Dorr D A, Phillips W F, Phansalkar S, Sims S A, Hurdle J F
Department of Medical Informatics and Clinical Epidemiology, Oregon Health and Science University, Portland, OR 97239, USA.
Methods Inf Med. 2006;45(3):246-52.
To characterize the difficulty confronting investigators in removing protected health information (PHI) from cross-discipline, free-text clinical notes, an important challenge to clinical informatics research as recalibrated by the introduction of the US Health Insurance Portability and Accountability Act (HIPAA) and similar regulations.
Randomized selection of clinical narratives from complete admissions written by diverse providers, reviewed using a two-tiered rater system and simple automated regular expression tools.
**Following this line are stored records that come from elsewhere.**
(* Let $A$ and $B$ be nonempty proper subsets of $R_n$. Let $d_A^{\perp}$ be the minimum distance of the dual of the cyclic code of length $n$ over $\mathbb{F}_{q^d}$ with complete defining set $A$, and let $d_B$ be the minimum distance of the cyclic code of length $n$ over $\mathbb{F}_{q^d}$ with complete defining set $B$, and suppose $d_A^{\perp}\ge d_B$. If $C$ is a cyclic code of length $n$ over $\mathbb{F}_q$ whose complete defining set contains $AB$, then $C$ has $(d_A^{\perp}-d_B+1,\,d_B)$-locality.
   Context: Let $q$ be a prime power and $n$ a positive integer with $\gcd(n,q)=1$. Let $d$ be the multiplicative order of $q$ modulo $n$, $\alpha\in\mathbb{F}_{q^d}$ a primitive $n$-th root of unity, and $R_n=\{\alpha^j:0\le j\le n-1\}$. For $A,B\subseteq R_n$, $AB=\{\beta\gamma:\beta\in A,\gamma\in B\}$. For any $Z\subseteq R_n$, the cyclic code of length $n$ over $\mathbb{F}_{q^d}$ with complete defining set $Z$ is the ideal generated by $\prod_{\beta\in Z}(x-\beta)$ in $\mathbb{F}_{q^d}[x]/(x^n-1)$, identified with a subspace of $\mathbb{F}_{q^d}^n$ via coefficient vectors. A cyclic code of length $n$ over $\mathbb{F}_q$ is an ideal $\langle g(x)\rangle$ of $\mathbb{F}_q[x]/(x^n-1)$ with $g\mid x^n-1$ monic; its complete defining set is the set of roots of $g$ in $R_n$. Locality: for a linear code $C\subseteq\mathbb{F}^n$ and integers $r\ge1$, $\delta\ge2$, the $i$-th coordinate has $(r,\delta)$-locality if there is $S_i\subseteq\{1,\dots,n\}$ with $i\in S_i$, $|S_i|\le r+\delta-1$ such that the punctured code $C|_{S_i}$ (restrictions of codewords to $S_i$) has minimum distance at least $\delta$ (the zero code having infinite minimum distance); $C$ has $(r,\delta)$-locality if every coordinate does. *)

theory Defs
  imports "HOL-Number_Theory.Number_Theory" "HOL-Computational_Algebra.Polynomial"
    "HOL-Library.Extended_Nat"
begin

text \<open>Vectors of length n are functions nat => 'a; only coordinates 0..n-1 matter
  (codewords vanish outside). Coordinates are indexed 0..n-1 instead of 1..n.\<close>

definition hweight :: "nat \<Rightarrow> (nat \<Rightarrow> 'a::zero) \<Rightarrow> nat" where
  "hweight n c = card {i. i < n \<and> c i \<noteq> 0}"

text \<open>Minimum distance; the zero code has infinite minimum distance.\<close>
definition min_dist :: "nat \<Rightarrow> (nat \<Rightarrow> 'a::zero) set \<Rightarrow> enat" where
  "min_dist n C = (INF c \<in> {c \<in> C. \<exists>i<n. c i \<noteq> 0}. enat (hweight n c))"

definition vec_of :: "'a::zero poly \<Rightarrow> nat \<Rightarrow> 'a" where
  "vec_of p = (\<lambda>i. coeff p i)"

definition xn1 :: "nat \<Rightarrow> 'a::comm_ring_1 poly" where
  "xn1 n = monom 1 n - 1"

text \<open>Ideal generated by g in K[x]/(x^n-1), where K is the coefficient subfield
  given as a subset (elements of the quotient represented by their reduced
  representatives of degree < n), as a set of coefficient vectors.\<close>
definition ideal_code :: "'a::field set \<Rightarrow> nat \<Rightarrow> 'a poly \<Rightarrow> (nat \<Rightarrow> 'a) set" where
  "ideal_code K n g =
     {vec_of ((a * g) mod xn1 n) | a. (\<forall>i. coeff a i \<in> K)}"

definition cyclic_code_defset :: "nat \<Rightarrow> 'a::field set \<Rightarrow> (nat \<Rightarrow> 'a) set" where
  "cyclic_code_defset n Z = ideal_code UNIV n (\<Prod>\<beta>\<in>Z. [:- \<beta>, 1:])"

definition dual_code :: "nat \<Rightarrow> (nat \<Rightarrow> 'a::field) set \<Rightarrow> (nat \<Rightarrow> 'a) set" where
  "dual_code n C = {v. (\<forall>i\<ge>n. v i = 0) \<and> (\<forall>c\<in>C. (\<Sum>i<n. v i * c i) = 0)}"

definition roots_Rn :: "nat \<Rightarrow> 'a::field \<Rightarrow> 'a set" where
  "roots_Rn n \<alpha> = {\<alpha> ^ j | j. j < n}"

definition setprod :: "'a::times set \<Rightarrow> 'a set \<Rightarrow> 'a set" where
  "setprod A B = {b * c | b c. b \<in> A \<and> c \<in> B}"

definition subfield_q :: "nat \<Rightarrow> 'a::field set" where
  "subfield_q q = {x. x ^ q = x}"

definition is_cyclic_code_gen :: "'a::field set \<Rightarrow> nat \<Rightarrow> 'a poly \<Rightarrow> (nat \<Rightarrow> 'a) set \<Rightarrow> bool" where
  "is_cyclic_code_gen K n g C \<longleftrightarrow>
     (\<forall>i. coeff g i \<in> K) \<and> lead_coeff g = 1 \<and>
     (\<exists>h. (\<forall>i. coeff h i \<in> K) \<and> g * h = xn1 n) \<and>
     C = ideal_code K n g"

definition complete_defset :: "nat \<Rightarrow> 'a::field \<Rightarrow> 'a poly \<Rightarrow> 'a set" where
  "complete_defset n \<alpha> g = {\<beta> \<in> roots_Rn n \<alpha>. poly g \<beta> = 0}"

definition punct :: "(nat \<Rightarrow> 'a::zero) set \<Rightarrow> nat set \<Rightarrow> (nat \<Rightarrow> 'a) set" where
  "punct C S = (\<lambda>c i. if i \<in> S then c i else 0) ` C"

definition coord_locality :: "nat \<Rightarrow> (nat \<Rightarrow> 'a::zero) set \<Rightarrow> nat \<Rightarrow> nat \<Rightarrow> nat \<Rightarrow> bool" where
  "coord_locality n C r \<delta> i \<longleftrightarrow>
     (\<exists>S. S \<subseteq> {..<n} \<and> i \<in> S \<and> card S \<le> r + \<delta> - 1 \<and>
          min_dist n (punct C S) \<ge> enat \<delta>)"

definition has_locality :: "nat \<Rightarrow> (nat \<Rightarrow> 'a::zero) set \<Rightarrow> nat \<Rightarrow> nat \<Rightarrow> bool" where
  "has_locality n C r \<delta> \<longleftrightarrow> r \<ge> 1 \<and> \<delta> \<ge> 2 \<and> (\<forall>i<n. coord_locality n C r \<delta> i)"

end

theory Submission
  imports Defs
begin

text \<open>
  Take a word \<open>a\<close> of minimum weight \<open>d\<^sub>A\<^sup>\<bottom>\<close> in the dual of the code \<open>C\<^sub>A\<close> with defining set
  \<open>A\<close>; since that dual is cyclic, \<open>a\<close> may be shifted so that its support \<open>S\<close> contains any
  prescribed coordinate, and \<open>S\<close> is the repair set. For \<open>c \<in> C\<close> the coordinatewise product
  \<open>a \<cdot> c\<close> lies in \<open>C\<^sub>B\<close>: its value at \<open>\<beta> \<in> B\<close> is the inner product of \<open>a\<close> with the twisted word
  \<open>(c\<^sub>k \<beta>\<^sup>k)\<^sub>k\<close>, which belongs to \<open>C\<^sub>A\<close> because \<open>c\<close> vanishes on \<open>AB\<close>. A nonzero restriction of \<open>c\<close>
  to \<open>S\<close> has the support of \<open>a \<cdot> c\<close>, hence weight at least \<open>d\<^sub>B\<close>, while
  \<open>|S| = d\<^sub>A\<^sup>\<bottom> = (d\<^sub>A\<^sup>\<bottom> - d\<^sub>B + 1) + d\<^sub>B - 1\<close>.
\<close>

lemma min_dist_attained:
  assumes "c \<in> C" "i < n" "c i \<noteq> 0"
  obtains c' where "c' \<in> C" "\<exists>i<n. c' i \<noteq> 0" "min_dist n C = enat (hweight n c')"
proof -
  let ?W = "(\<lambda>c. enat (hweight n c)) ` {c \<in> C. \<exists>i<n. c i \<noteq> 0}"
  have "Inf ?W \<in> ?W"
    using assms by (intro wellorder_InfI[of "enat (hweight n c)"]) auto
  then obtain c' where "c' \<in> C" "\<exists>i<n. c' i \<noteq> 0" "Inf ?W = enat (hweight n c')"
    by blast
  then show ?thesis
    by (intro that) (simp_all add: min_dist_def)
qed

lemma min_dist_le_hweight:
  assumes "c \<in> C" "\<exists>i<n. c i \<noteq> 0"
  shows "min_dist n C \<le> enat (hweight n c)"
  unfolding min_dist_def using assms by (auto intro!: INF_lower)

lemma le_min_distI:
  assumes "\<And>c. c \<in> C \<Longrightarrow> \<exists>i<n. c i \<noteq> 0 \<Longrightarrow> \<delta> \<le> hweight n c"
  shows "enat \<delta> \<le> min_dist n C"
  unfolding min_dist_def using assms by (force intro!: INF_greatest)

section \<open>Vectors as polynomials modulo \<open>x\<^sup>n - 1\<close>\<close>

definition eval_vec :: "nat \<Rightarrow> (nat \<Rightarrow> 'a::comm_semiring_1) \<Rightarrow> 'a \<Rightarrow> 'a" where
  "eval_vec n v x = (\<Sum>k<n. v k * x ^ k)"

definition poly_of_vec :: "nat \<Rightarrow> (nat \<Rightarrow> 'a::comm_semiring_1) \<Rightarrow> 'a poly" where
  "poly_of_vec n v = (\<Sum>k<n. monom (v k) k)"

lemma coeff_poly_of_vec: "coeff (poly_of_vec n v) i = (if i < n then v i else 0)"
  unfolding poly_of_vec_def by (simp add: coeff_sum coeff_monom)

lemma poly_poly_of_vec: "poly (poly_of_vec n v) x = eval_vec n v x"
  unfolding poly_of_vec_def eval_vec_def by (simp add: poly_sum poly_monom)

lemma degree_poly_of_vec:
  assumes "n > 0"
  shows "degree (poly_of_vec n v) < n"
proof -
  have "degree (poly_of_vec n v) \<le> n - 1"
    by (rule degree_le) (auto simp: coeff_poly_of_vec)
  then show ?thesis
    using assms by simp
qed

lemma eval_vec_vec_of:
  assumes "degree p < n"
  shows "eval_vec n (vec_of p) x = poly p x"
proof -
  have "poly p x = (\<Sum>i\<le>degree p. coeff p i * x ^ i)"
    by (rule poly_altdef)
  also have "\<dots> = (\<Sum>i<n. coeff p i * x ^ i)"
    using assms by (intro sum.mono_neutral_left) (auto simp: coeff_eq_0)
  finally show ?thesis
    by (simp add: eval_vec_def vec_of_def)
qed

lemma degree_xn1: "n > 0 \<Longrightarrow> degree (xn1 n :: 'a::comm_ring_1 poly) = n"
  unfolding xn1_def
  by (subst diff_conv_add_uminus, subst degree_add_eq_left) (auto simp: degree_monom_eq)

lemma degree_mod_xn1:
  assumes "n > 0"
  shows "degree (p mod xn1 n :: 'a::field poly) < n"
proof -
  have "xn1 n \<noteq> (0::'a poly)"
    using degree_xn1[OF assms, where 'a='a] assms by auto
  then show ?thesis
    using degree_mod_less[of "xn1 n" p] assms by (auto simp: degree_xn1)
qed

lemma poly_mod_xn1:
  fixes p :: "'a::field poly"
  assumes "x ^ n = 1"
  shows "poly (p mod xn1 n) x = poly p x"
proof -
  have "poly p x = poly (xn1 n) x * poly (p div xn1 n) x + poly (p mod xn1 n) x"
    by (metis div_mult_mod_eq mult.commute poly_add poly_mult)
  moreover have "poly (xn1 n) x = 0"
    using assms by (simp add: xn1_def poly_monom)
  ultimately show ?thesis
    by simp
qed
For manual review, two independent reviewers used simple search and replace algorithms and visual scanning to find PHI as defined by HIPAA, followed by an independent second review to detect any missed PHI. Simple automated review was also performed for the "easy" PHI that are number- or date-based.
From 262 notes, 2074 PHI, or 7.9 +/- 6.1 per note, were found. The average recall (or sensitivity) was 95.9% while precision was 99.6% for single reviewers. Agreement between individual reviewers was strong (ICC = 0.99), although some asymmetry in errors was seen between reviewers (p = 0.001). The automated technique had better recall (98.5%) but worse precision (88.4%) for its subset of identifiers. Manually de-identifying a note took 87.3 +/- 61 seconds on average.
Manual de-identification of free-text notes is tedious and time-consuming, but even simple PHI is difficult to automatically identify with the exactitude required under HIPAA.
描述研究人员在从跨学科的自由文本临床记录中移除受保护的健康信息(PHI)时所面临的困难,这是临床信息学研究面临的一项重大挑战,美国《健康保险流通与责任法案》(HIPAA)及类似法规的引入对其进行了重新调整。
从不同医疗服务提供者撰写的完整住院记录中随机选取临床叙述,使用两级评分系统和简单的自动正则表达式工具进行审查。对于人工审查,两名独立审查员使用简单的搜索和替换算法以及视觉扫描来查找HIPAA定义的PHI,随后进行独立的二次审查以检测任何遗漏的PHI。对于基于数字或日期的“简单”PHI也进行了简单的自动审查。
在262份记录中,共发现2074条PHI,每份记录平均有7.9±6.1条。单个审查员的平均召回率(或敏感度)为95.9%,而精确率为99.6%。个体审查员之间的一致性很强(组内相关系数=0.99),尽管审查员之间在错误方面存在一些不对称性(p=0.001)。自动技术对于其标识符子集的召回率更高(98.5%),但精确率更低(88.4%)。手动对一份记录进行去识别平均需要87.3±61秒。
对自由文本记录进行手动去识别既繁琐又耗时,但即使是简单的PHI也难以按照HIPAA要求的精确程度自动识别。